Speaking personally, I still don’t understand why it happened.  Yes, there are many competing theological theories of the Atonement, of why and how Jesus had to suffer and die so sins might be forgiven.  None of them, at the end of the day, answers every question.  I also don’t understand how it happened.  My mind is just too small to take in the mystery of the Incarnation, the complexity of the inner workings of the Trinity, the marvel of divine Grace.

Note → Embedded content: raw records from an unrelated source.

lemma pauli_deg_ptrace_weighted_le:
  assumes B: "B \<in> carrier_mat (2 ^ (p + k)) (2 ^ (p + k))" and \<phi>: "\<phi> \<in> carrier_mat (2 ^ k) (2 ^ k)"
  shows "pauli_deg p (ptrace_weighted (p + k) k \<phi> B) \<le> pauli_deg (p + k) B"
proof -
  obtain c where c: "pauli_expansion (p + k) B c"
    and wt: "\<And>\<sigma>. \<sigma> \<in> pauli_strings (p + k) \<Longrightarrow> c \<sigma> \<noteq> 0 \<Longrightarrow> weight \<sigma> \<le> pauli_deg (p + k) B"
    using pauli_deg_attained[OF B] by blast
  show ?thesis
  proof (rule pauli_deg_le[OF pauli_expansion_ptrace_weighted[OF c \<phi>]])
    fix \<tau> assume \<tau>: "\<tau> \<in> pauli_strings p"
      and "(\<Sum>\<rho>\<in>pauli_strings k. c (\<tau> @ \<rho>) * pauli_expect \<phi> \<rho>) \<noteq> 0"
    then obtain \<rho> where \<rho>: "\<rho> \<in> pauli_strings k" "c (\<tau> @ \<rho>) \<noteq> 0"
      by (metis (no_types, lifting) mult_eq_0_iff sum.neutral)
    have "\<tau> @ \<rho> \<in> pauli_strings (p + k)"
      using \<tau> \<rho>(1) by (auto simp: pauli_strings_def)
    then have "weight (\<tau> @ \<rho>) \<le> pauli_deg (p + k) B"
      using wt \<rho>(2) by blast
    then show "weight \<tau> \<le> pauli_deg (p + k) B"
      by (simp add: weight_def)
  qed
qed

section \<open>Euclidean and spectral norms\<close>

lemma vnorm_eq_L2_set: "vnorm v = L2_set (\<lambda>i. cmod (v $ i)) {..<dim_vec v}"
  by (simp add: vnorm_def L2_set_def)

lemma vnorm_zero_vec [simp]: "vnorm (0\<^sub>v n) = 0"
  by (simp add: vnorm_def)

lemma vnorm_nonneg: "0 \<le> vnorm v"
  by (simp add: vnorm_eq_L2_set)

lemma vnorm_smult: "vnorm (c \<cdot>\<^sub>v v) = cmod c * vnorm v"
  unfolding vnorm_eq_L2_set by (subst L2_set_right_distrib) (auto intro!: L2_set_cong simp: norm_mult)

lemma vnorm_index_le: "j < dim_vec v \<Longrightarrow> cmod (v $ j) \<le> vnorm v"
  unfolding vnorm_eq_L2_set by (rule member_le_L2_set) auto

lemma mult_mat_vec_index:
  assumes "A \<in> carrier_mat R C" "v \<in> carrier_vec C" "i < R"
  shows "(A *\<^sub>v v) $ i = (\<Sum>j<C. A $$ (i, j) * v $ j)"
  using assms by (simp add: scalar_prod_def lessThan_atLeast0)

lemma spec_norm_set_bdd_above:
  assumes A: "A \<in> carrier_mat R C"
  shows "bdd_above {vnorm (A *\<^sub>v v) | v. v \<in> carrier_vec (dim_col A) \<and> vnorm v \<le> 1}"
proof (rule bdd_aboveI)
  fix x assume "x \<in> {vnorm (A *\<^sub>v v) | v. v \<in> carrier_vec (dim_col A) \<and> vnorm v \<le> 1}"
  then obtain v where v: "v \<in> carrier_vec C" "vnorm v \<le> 1" and x: "x = vnorm (A *\<^sub>v v)"
    using A by auto
  have "cmod ((A *\<^sub>v v) $ i) \<le> (\<Sum>j<C. cmod (A $$ (i, j)))" if "i < R" for i
  proof -
    have "cmod ((A *\<^sub>v v) $ i) \<le> (\<Sum>j<C. cmod (A $$ (i, j)) * cmod (v $ j))"
      unfolding mult_mat_vec_index[OF A v(1) that] norm_mult[symmetric] by (rule norm_sum)
    also have "\<dots> \<le> (\<Sum>j<C. cmod (A $$ (i, j)))"
    proof (rule sum_mono)
      fix j assume "j \<in> {..<C}"
      then have "cmod (v $ j) \<le> 1"
        using v vnorm_index_le[of j v] by auto
      then show "cmod (A $$ (i, j)) * cmod (v $ j) \<le> cmod (A $$ (i, j))"
        by (simp add: mult_left_le)
    qed
    finally show ?thesis .
  qed
  moreover have dim: "dim_vec (A *\<^sub>v v) = R"
    using A by simp
  ultimately show "x \<le> L2_set (\<lambda>i. \<Sum>j<C. cmod (A $$ (i, j))) {..<R}"
    unfolding x vnorm_eq_L2_set dim by (intro L2_set_mono) auto
qed

lemma spec_norm_ge:
  assumes "A \<in> carrier_mat R C" "v \<in> carrier_vec C" "vnorm v \<le> 1"
  shows "vnorm (A *\<^sub>v v) \<le> spec_norm A"
  unfolding spec_norm_def by (rule cSup_upper[OF _ spec_norm_set_bdd_above[OF assms(1)]]) (use assms in auto)

lemma spec_norm_le:
  assumes "A \<in> carrier_mat R C" "\<And>v. v \<in> carrier_vec C \<Longrightarrow> vnorm v \<le> 1 \<Longrightarrow> vnorm (A *\<^sub>v v) \<le> s"
  shows "spec_norm A \<le> s"
  unfolding spec_norm_def
proof (rule cSup_least)
  have "0\<^sub>v C \<in> carrier_vec (dim_col A) \<and> vnorm (0\<^sub>v C) \<le> 1"
    using assms(1) by simp
  then show "{vnorm (A *\<^sub>v v) | v. v \<in> carrier_vec (dim_col A) \<and> vnorm v \<le> 1} \<noteq> {}"
    by blast
qed (use assms in auto)

lemma spec_norm_nonneg:
  assumes "A \<in> carrier_mat R C"
  shows "0 \<le> spec_norm A"
proof -
  have "vnorm (A *\<^sub>v 0\<^sub>v C) = 0"
    using assms by (simp add: vnorm_def mult_mat_vec_index)
  then show ?thesis
    using spec_norm_ge[OF assms, of "0\<^sub>v C"] by simp
qed

lemma spec_norm_zero_mat: "spec_norm (0\<^sub>m R C) = 0"
proof (rule antisym)
  show "spec_norm (0\<^sub>m R C) \<le> 0"
    by (rule spec_norm_le[of _ R C]) (simp_all add: vnorm_def mult_mat_vec_index)
qed (rule spec_norm_nonneg[of _ R C], simp)

lemma spec_norm_mult_vec_le:
  assumes A: "A \<in> carrier_mat R C" and w: "w \<in> carrier_vec C"
  shows "vnorm (A *\<^sub>v w) \<le> spec_norm A * vnorm w"
proof (cases "vnorm w = 0")
  case True
  then have "w $ j = 0" if "j < C" for j
    using w that vnorm_index_le[of j w] by simp
  then have "(A *\<^sub>v w) $ i = 0" if "i < R" for i
    unfolding mult_mat_vec_index[OF A w that] by simp
  then have "vnorm (A *\<^sub>v w) = 0"
    using A by (simp add: vnorm_def)
  then show ?thesis using True by simp
next
  case False
  then have pos: "0 < vnorm w"
    using vnorm_nonneg[of w] by linarith
  have "vnorm (A *\<^sub>v w) / vnorm w = vnorm (A *\<^sub>v (complex_of_real (1 / vnorm w) \<cdot>\<^sub>v w))"
    unfolding mult_mat_vec[OF A w] vnorm_smult using pos by (simp add: norm_divide)
  also have "\<dots> \<le> spec_norm A"
    using A w pos by (intro spec_norm_ge[of _ R C]) (simp_all add: vnorm_smult norm_divide)
  finally show ?thesis
    using pos by (simp add: divide_le_eq mult.commute)
qed

lemma L2_set_sum_le:
  assumes "finite T"
  shows "L2_set (\<lambda>a. \<Sum>t\<in>T. g t a) A \<le> (\<Sum>t\<in>T. L2_set (g t) A)"
  using assms
proof (induction T rule: finite_induct)
  case empty
  then show ?case by (simp add: L2_set_def)
next
  case (insert t T)
  have "L2_set (\<lambda>a. \<Sum>s\<in>insert t T. g s a) A = L2_set (\<lambda>a. g t a + (\<Sum>s\<in>T. g s a)) A"
    using insert.hyps by simp
  also have "\<dots> \<le> L2_set (g t) A + L2_set (\<lambda>a. \<Sum>s\<in>T. g s a) A"
    by (rule L2_set_triangle_ineq)
  also have "\<dots> \<le> L2_set (g t) A + (\<Sum>s\<in>T. L2_set (g s) A)"
    using insert.IH by simp
  finally show ?case
    using insert.hyps by simp
qed
(* Consider the draining problem described in the context, with data $x\in\mathbb{R}^2$, $r>0$, $B>A$, $s^\varphi, s^\psi\in\mathbb{R}^2$ and $\check R$. Let $(u^\ast,T^\ast)$ be an optimal solution, with optimal cost $T^\ast$, state trajectory $s^\ast$ and uncertainty trajectory $R^\ast$. Let $t_0\in(0,T^\ast)$ be any time such that $R^\ast(t_0)=0$. Then $$u^\ast(t)=\frac{s^\psi-s^\ast(t_0)}{\|s^\psi-s^\ast(t_0)\|}\quad\text{for all } t\in(t_0,T^\ast).$$
   Context: $\|\cdot\|$ is the Euclidean norm. A single target sits at the fixed position $x\in\mathbb{R}^2$, with sensing range $r>0$ and constants $A,B$ with $B>A$ (uncertainty accumulation rate $A$). The agent has position $s(t)\in\mathbb{R}^2$ with dynamics $\dot s(t)=u(t)$ and control constraint $\|u(t)\|\le 1$. Define the sensing function $p(s)=\max\{0,\,1-\|s-x\|^2/r^2\}$ and the uncertainty dynamics $\dot R=f_R(R,s)$, where $f_R(R,s)=0$ if $R=0$ and $A-Bp(s)<0$, and $f_R(R,s)=A-Bp(s)$ otherwise. The entrance point $s^\varphi$ and the departure point $s^\psi$ are the points where the agent starts, respectively stops, sensing the target. $\check R$ is the uncertainty at arrival. The draining problem is the optimal control problem: minimize $\int_0^T \mathrm{d}t=T$ over $T$ and controls $u:[0,T]\to\mathbb{R}^2$ subject to $\dot s=u$, $\dot R=f_R(R,s)$, $\|u(t)\|^2\le1$, $\min_{\tau\in[0,T]}R(\tau)=0$, $s(0)=s^\varphi$, $s(T)=s^\psi$, $R(0)=\check R$. A control law is feasible if it satisfies all these constraints; an optimal trajectory is one generated by a minimizer. *)

theory Defs
  imports "HOL-Analysis.Analysis"
begin

definition sensing :: "real^2 \<Rightarrow> real \<Rightarrow> real^2 \<Rightarrow> real" where
  "sensing x r s = max 0 (1 - (norm (s - x))^2 / r^2)"

definition fR :: "real \<Rightarrow> real \<Rightarrow> real^2 \<Rightarrow> real \<Rightarrow> real \<Rightarrow> real^2 \<Rightarrow> real" where
  "fR A B x r R s =
     (if R = 0 \<and> A - B * sensing x r s < 0 then 0 else A - B * sensing x r s)"

text \<open>Feasibility of (T, u) for the draining problem, together with the generated
  state trajectory s and uncertainty trajectory R (Caratheodory / integral sense).\<close>
definition draining_feasible ::
  "real \<Rightarrow> real \<Rightarrow> real^2 \<Rightarrow> real \<Rightarrow> real^2 \<Rightarrow> real^2 \<Rightarrow> real \<Rightarrow>
   real \<Rightarrow> (real \<Rightarrow> real^2) \<Rightarrow> (real \<Rightarrow> real^2) \<Rightarrow> (real \<Rightarrow> real) \<Rightarrow> bool" where
  "draining_feasible A B x r sphi spsi Rc T u s R \<longleftrightarrow>
     0 \<le> T \<and>
     u absolutely_integrable_on {0..T} \<and>
     (\<forall>t\<in>{0..T}. (norm (u t))^2 \<le> 1) \<and>
     (\<forall>t\<in>{0..T}. s t = sphi + integral {0..t} u) \<and>
     (\<lambda>t. fR A B x r (R t) (s t)) absolutely_integrable_on {0..T} \<and>
     (\<forall>t\<in>{0..T}. R t = Rc + integral {0..t} (\<lambda>\<tau>. fR A B x r (R \<tau>) (s \<tau>))) \<and>
     (\<forall>t\<in>{0..T}. 0 \<le> R t) \<and> (\<exists>t\<in>{0..T}. R t = 0) \<and>
     s 0 = sphi \<and> s T = spsi \<and> R 0 = Rc"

Although I don’t understand why or how the crucifixion happened, I can say I’m awfully glad it did happen.  I’m glad because, when I look on from afar, from the perspective of twenty centuries, at the spectacle of “God forsaken of God,” as Chesterton says, I know that because of what Christ has done, I will never be Godforsaken in quite the same way.  Through every trial and tribulation, through every pain or struggle divine Providence may in the future place in my path, whether my lymphoma creeps back into my life again or whether it doesn’t, I’ll always be able to look to the cross of Jesus and know that I am not alone, that there is one in the heavenly places praying for me who knows what it means to be human.

To me, that’s what’s so good about “Good Friday.”  I would never be so bold as to ask one such as Jesus to go to the cross for me – I do not deserve it – but the good news is that he has done so, anyway, of his own accord.  For that, I am grateful beyond words.